---------- Supplied entries ----------

(* If an unbounded graph matroid family $\mathcal{M}$ has the Whitney property, then it has the Lovász-Yemini property.
   Context: All graphs are finite and simple and have no isolated vertices. A graph matroid family $\mathcal{M}$ assigns to every graph $G$ a matroid $\mathcal{M}(G)$ on $E(G)$ such that (i) every graph isomorphism $V(G)\to V(H)$ induces an isomorphism $\mathcal{M}(G)\to\mathcal{M}(H)$, and (ii) for every subgraph $H$ of $G$, $\mathcal{M}(H)$ is the restriction of $\mathcal{M}(G)$ to $E(H)$. $r(G)$ is the rank of $\mathcal{M}(G)$; $\mathcal{M}$ is unbounded if $r(K_n)$ is unbounded; $G$ is $\mathcal{M}$-rigid if $r(G)=r(K_{V(G)})$. $G$ is $\mathcal{M}$-reconstructible if every matroid isomorphism $\psi:E(G)\to E(H)$ between $\mathcal{M}(G)$ and $\mathcal{M}(H)$, for any graph $H$, is induced by a graph isomorphism $\varphi$ (i.e. $\psi(uv)=\varphi(u)\varphi(v)$). $\mathcal{M}$ has the Whitney property if for some nonnegative integer $c$ every $c$-connected graph is $\mathcal{M}$-reconstructible, and the Lovász-Yemini property if for some nonnegative integer $c$ every $c$-connected graph is $\mathcal{M}$-rigid. *)

theory Defs
  imports Main
begin

(* Vertices are natural numbers; the vertex set is the union of the edges,
   so there are no isolated vertices by construction. *)
type_synonym graph = "nat set set"

definition is_graph :: "graph \<Rightarrow> bool" where
  "is_graph G \<longleftrightarrow> finite G \<and> (\<forall>e\<in>G. card e = 2)"

definition verts :: "graph \<Rightarrow> nat set" where
  "verts G = \<Union>G"

definition complete_graph :: "nat set \<Rightarrow> graph" where
  "complete_graph V = {{u, v} | u v. u \<in> V \<and> v \<in> V \<and> u \<noteq> v}"

definition graph_iso :: "(nat \<Rightarrow> nat) \<Rightarrow> graph \<Rightarrow> graph \<Rightarrow> bool" where
  "graph_iso \<phi> G H \<longleftrightarrow> bij_betw \<phi> (verts G) (verts H) \<and>
     (\<forall>u\<in>verts G. \<forall>v\<in>verts G. {u, v} \<in> G \<longleftrightarrow> {\<phi> u, \<phi> v} \<in> H)"

definition edge_map :: "(nat \<Rightarrow> nat) \<Rightarrow> nat set \<Rightarrow> nat set" where
  "edge_map \<phi> e = \<phi> ` e"

definition matroid :: "'e set \<Rightarrow> ('e set \<Rightarrow> bool) \<Rightarrow> bool" where
  "matroid E indep \<longleftrightarrow> finite E \<and> indep {} \<and>
     (\<forall>X. indep X \<longrightarrow> X \<subseteq> E) \<and>
     (\<forall>X Y. indep Y \<and> X \<subseteq> Y \<longrightarrow> indep X) \<and>
     (\<forall>X Y. indep X \<and> indep Y \<and> card X < card Y \<longrightarrow>
        (\<exists>y\<in>Y - X. indep (insert y X)))"

definition matroid_iso :: "('e \<Rightarrow> 'f) \<Rightarrow> 'e set \<Rightarrow> ('e set \<Rightarrow> bool) \<Rightarrow> 'f set \<Rightarrow> ('f set \<Rightarrow> bool) \<Rightarrow> bool" where
  "matroid_iso \<psi> E1 I1 E2 I2 \<longleftrightarrow> bij_betw \<psi> E1 E2 \<and>
     (\<forall>X\<subseteq>E1. I1 X \<longleftrightarrow> I2 (\<psi> ` X))"

(* A graph matroid family: M G X means X is independent in M(G). *)
definition graph_matroid_family :: "(graph \<Rightarrow> nat set set \<Rightarrow> bool) \<Rightarrow> bool" where
  "graph_matroid_family M \<longleftrightarrow>
     (\<forall>G. is_graph G \<longrightarrow> matroid G (M G)) \<and>
     (\<forall>G H \<phi>. is_graph G \<and> is_graph H \<and> graph_iso \<phi> G H \<longrightarrow>
        matroid_iso (edge_map \<phi>) G (M G) H (M H)) \<and>
     (\<forall>G H. is_graph G \<and> H \<subseteq> G \<longrightarrow> (\<forall>X\<subseteq>H. M H X \<longleftrightarrow> M G X))"

definition mrank :: "(graph \<Rightarrow> nat set set \<Rightarrow> bool) \<Rightarrow> graph \<Rightarrow> nat" where
  "mrank M G = Max (card ` {X. M G X})"

definition unbounded :: "(graph \<Rightarrow> nat set set \<Rightarrow> bool) \<Rightarrow> bool" where
  "unbounded M \<longleftrightarrow> (\<forall>B. \<exists>n. mrank M (complete_graph {0..<n}) > B)"

definition M_rigid :: "(graph \<Rightarrow> nat set set \<Rightarrow> bool) \<Rightarrow> graph \<Rightarrow> bool" where
  "M_rigid M G \<longleftrightarrow> mrank M G = mrank M (complete_graph (verts G))"

definition M_reconstructible :: "(graph \<Rightarrow> nat set set \<Rightarrow> bool) \<Rightarrow> graph \<Rightarrow> bool" where
  "M_reconstructible M G \<longleftrightarrow>
     (\<forall>H \<psi>. is_graph H \<and> matroid_iso \<psi> G (M G) H (M H) \<longrightarrow>
        (\<exists>\<phi>. graph_iso \<phi> G H \<and> (\<forall>e\<in>G. \<psi> e = edge_map \<phi> e)))"

definition connected_on :: "graph \<Rightarrow> nat set \<Rightarrow> bool" where
  "connected_on G W \<longleftrightarrow>
     (\<forall>u\<in>W. \<forall>v\<in>W. (u, v) \<in> {(a, b). {a, b} \<in> G \<and> a \<in> W \<and> b \<in> W}\<^sup>*)"

definition k_connected :: "nat \<Rightarrow> graph \<Rightarrow> bool" where
  "k_connected k G \<longleftrightarrow> card (verts G) > k \<and>
     (\<forall>X. X \<subseteq> verts G \<and> card X < k \<longrightarrow> connected_on G (verts G - X))"

definition whitney_property :: "(graph \<Rightarrow> nat set set \<Rightarrow> bool) \<Rightarrow> bool" where
  "whitney_property M \<longleftrightarrow>
     (\<exists>c. \<forall>G. is_graph G \<and> k_connected c G \<longrightarrow> M_reconstructible M G)"

definition lovasz_yemini_property :: "(graph \<Rightarrow> nat set set \<Rightarrow> bool) \<Rightarrow> bool" where
  "lovasz_yemini_property M \<longleftrightarrow>
     (\<exists>c. \<forall>G. is_graph G \<and> k_connected c G \<longrightarrow> M_rigid M G)"

end

(* Let every c-connected graph be M-reconstructible, let G be (max c 3)-connected and K the
   complete graph on its vertices. If G is not rigid, some edge x of K - G raises the rank of G.
   Such an edge is unique: if y is another one, x and y are coloops of G + x and G + y, so
   exchanging them is an isomorphism M(G + x) -> M(G + y) fixing G pointwise. A vertex map
   inducing it fixes every edge of G, hence every vertex (G has minimum degree at least 2), hence x.
   But x is not a coloop of M(K) either: an automorphism of K would carry it to a coloop x'
   adjacent to x, and exchanging two adjacent coloops is a matroid automorphism of M(K) not induced
   by any vertex map. So K - x has the rank of K, and contains a second rank-raising edge. *)
theory Submission
  imports Defs "HOL-Combinatorics.Transposition"
begin

lemma is_graph_edge:
  assumes "is_graph G" "e \<in> G"
  obtains u v where "e = {u, v}" "u \<noteq> v"
proof -
  have "card e = 2"
    using assms unfolding is_graph_def by blast
  then show thesis
    using that unfolding card_2_iff by blast
qed

lemma obtain_not_in_smaller_set:
  assumes "finite A" "card A < card B"
  obtains b where "b \<in> B" "b \<notin> A"
proof -
  have "\<not> B \<subseteq> A"
    using card_mono[OF assms(1)] assms(2) by (meson leD)
  then show thesis
    using that by blast
qed

lemma is_graph_subset: "is_graph G \<Longrightarrow> H \<subseteq> G \<Longrightarrow> is_graph H"
  unfolding is_graph_def by (meson finite_subset subsetD)

lemma finite_verts: "is_graph G \<Longrightarrow> finite (verts G)"
  unfolding verts_def is_graph_def by (metis card.infinite finite_Union zero_neq_numeral)

lemma verts_mono: "G \<subseteq> H \<Longrightarrow> verts G \<subseteq> verts H"
  unfolding verts_def by blast

lemma doubleton_in_complete_graph_iff:
  "u \<in> V \<Longrightarrow> v \<in> V \<Longrightarrow> {u, v} \<in> complete_graph V \<longleftrightarrow> u \<noteq> v"
  unfolding complete_graph_def by (auto simp: doubleton_eq_iff)

lemma complete_graph_edge_subset: "e \<in> complete_graph V \<Longrightarrow> e \<subseteq> V"
  unfolding complete_graph_def by auto

lemma is_graph_complete_graph: "finite V \<Longrightarrow> is_graph (complete_graph V)"
proof -
  assume "finite V"
  moreover have "complete_graph V \<subseteq> Pow V"
    using complete_graph_edge_subset by blast
  ultimately show ?thesis
    unfolding is_graph_def complete_graph_def by (auto intro: finite_subset)
qed

lemma verts_complete_graph:
  assumes "2 \<le> card V"
  shows "verts (complete_graph V) = V"
proof
  show "verts (complete_graph V) \<subseteq> V"
    unfolding verts_def using complete_graph_edge_subset by blast
  show "V \<subseteq> verts (complete_graph V)"
  proof
    fix v assume v: "v \<in> V"
    have "card {v} < card V"
      using assms by simp
    then obtain u where "u \<in> V" "u \<notin> {v}"
      using obtain_not_in_smaller_set[of "{v}" V] by auto
    then have "{u, v} \<in> complete_graph V"
      using v doubleton_in_complete_graph_iff by blast
    then show "v \<in> verts (complete_graph V)"
      unfolding verts_def by blast
  qed
qed

lemma subset_complete_graph_verts: "is_graph G \<Longrightarrow> G \<subseteq> complete_graph (verts G)"
proof
  fix e assume "is_graph G" "e \<in> G"
  then obtain u v where "e = {u, v}" "u \<noteq> v"
    by (elim is_graph_edge)
  with \<open>e \<in> G\<close> show "e \<in> complete_graph (verts G)"
    unfolding complete_graph_def verts_def by blast
qed

lemma graph_iso_complete_graph:
  assumes "2 \<le> card V" "bij_betw \<sigma> V V"
  shows "graph_iso \<sigma> (complete_graph V) (complete_graph V)"
  unfolding graph_iso_def verts_complete_graph[OF assms(1)]
proof (intro conjI assms(2) ballI)
  fix u v assume "u \<in> V" "v \<in> V"
  moreover have "\<sigma> u = \<sigma> v \<longleftrightarrow> u = v"
    using assms(2) \<open>u \<in> V\<close> \<open>v \<in> V\<close> by (auto simp: bij_betw_def dest: inj_onD)
  ultimately show "{u, v} \<in> complete_graph V \<longleftrightarrow> {\<sigma> u, \<sigma> v} \<in> complete_graph V"
    using assms(2) by (simp add: doubleton_in_complete_graph_iff bij_betwE)
qed

lemma connected_on_mono: "connected_on G W \<Longrightarrow> G \<subseteq> H \<Longrightarrow> connected_on H W"
proof -
  assume "connected_on G W" "G \<subseteq> H"
  then have "{(a, b). {a, b} \<in> G \<and> a \<in> W \<and> b \<in> W}
      \<subseteq> {(a, b). {a, b} \<in> H \<and> a \<in> W \<and> b \<in> W}"
    by auto
  with \<open>connected_on G W\<close> show ?thesis
    unfolding connected_on_def using rtrancl_mono by blast
qed

lemma k_connected_mono:
  assumes "k_connected k G" "G \<subseteq> H" "verts H = verts G" "j \<le> k"
  shows "k_connected j H"
  unfolding k_connected_def
proof (intro conjI allI impI)
  show "j < card (verts H)"
    using assms unfolding k_connected_def by simp
  fix X assume "X \<subseteq> verts H \<and> card X < j"
  with assms have "connected_on G (verts G - X)"
    unfolding k_connected_def by simp
  with assms(2,3) show "connected_on H (verts H - X)"
    by (simp add: connected_on_mono)
qed

lemma k_connected_two_neighbours:
  assumes G: "is_graph G" "k_connected 2 G" and v: "v \<in> verts G"
  obtains p q where "p \<noteq> q" "{v, p} \<in> G" "{v, q} \<in> G"
proof -
  obtain e where "e \<in> G" "v \<in> e"
    using v unfolding verts_def by blast
  then obtain u w where "e = {u, w}" "u \<noteq> w"
    using G(1) by (elim is_graph_edge)
  define p where "p = (if v = u then w else u)"
  have p: "{v, p} \<in> G" "p \<noteq> v"
    using \<open>e \<in> G\<close> \<open>v \<in> e\<close> \<open>e = {u, w}\<close> \<open>u \<noteq> w\<close> unfolding p_def
    by (auto simp: insert_commute)
  have "p \<in> verts G"
    using p unfolding verts_def by blast
  have "card (verts G) > 2"
    using G(2) unfolding k_connected_def by simp
  moreover have "card {v, p} \<le> 2"
    by (simp add: card_insert_le_m1)
  ultimately obtain w where w: "w \<in> verts G" "w \<notin> {v, p}"
    using obtain_not_in_smaller_set[of "{v, p}" "verts G"] by auto
  have "connected_on G (verts G - {p})"
    using G(2) \<open>p \<in> verts G\<close> unfolding k_connected_def by auto
  then have "(v, w) \<in> {(a, b). {a, b} \<in> G \<and> a \<in> verts G - {p} \<and> b \<in> verts G - {p}}\<^sup>*"
    unfolding connected_on_def using v w p by blast
  then obtain q where "{v, q} \<in> G" "q \<noteq> p"
    using w(2) by (cases rule: converse_rtranclE) auto
  then show thesis
    using that p by blast
qed

lemma fixes_verts_if_fixes_edges:
  assumes "is_graph G" "k_connected 2 G" "\<And>e. e \<in> G \<Longrightarrow> \<phi> ` e = e" "v \<in> verts G"
  shows "\<phi> v = v"
proof -
  obtain p q where "p \<noteq> q" "{v, p} \<in> G" "{v, q} \<in> G"
    using k_connected_two_neighbours assms by blast
  then have "\<phi> v \<in> {v, p}" "\<phi> v \<in> {v, q}"
    using assms(3) by (metis imageI insertI1)+
  with \<open>p \<noteq> q\<close> show ?thesis
    by blast
qed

----------

== Task requirements ==
Looking at the records above, which lines contain "moreover"? Copy those lines.

== Exercise result ==
  moreover have "complete_graph V \<subseteq> Pow V"
  moreover have "\<sigma> u = \<sigma> v \<longleftrightarrow> u = v"
  moreover have "card {v, p} \<le> 2"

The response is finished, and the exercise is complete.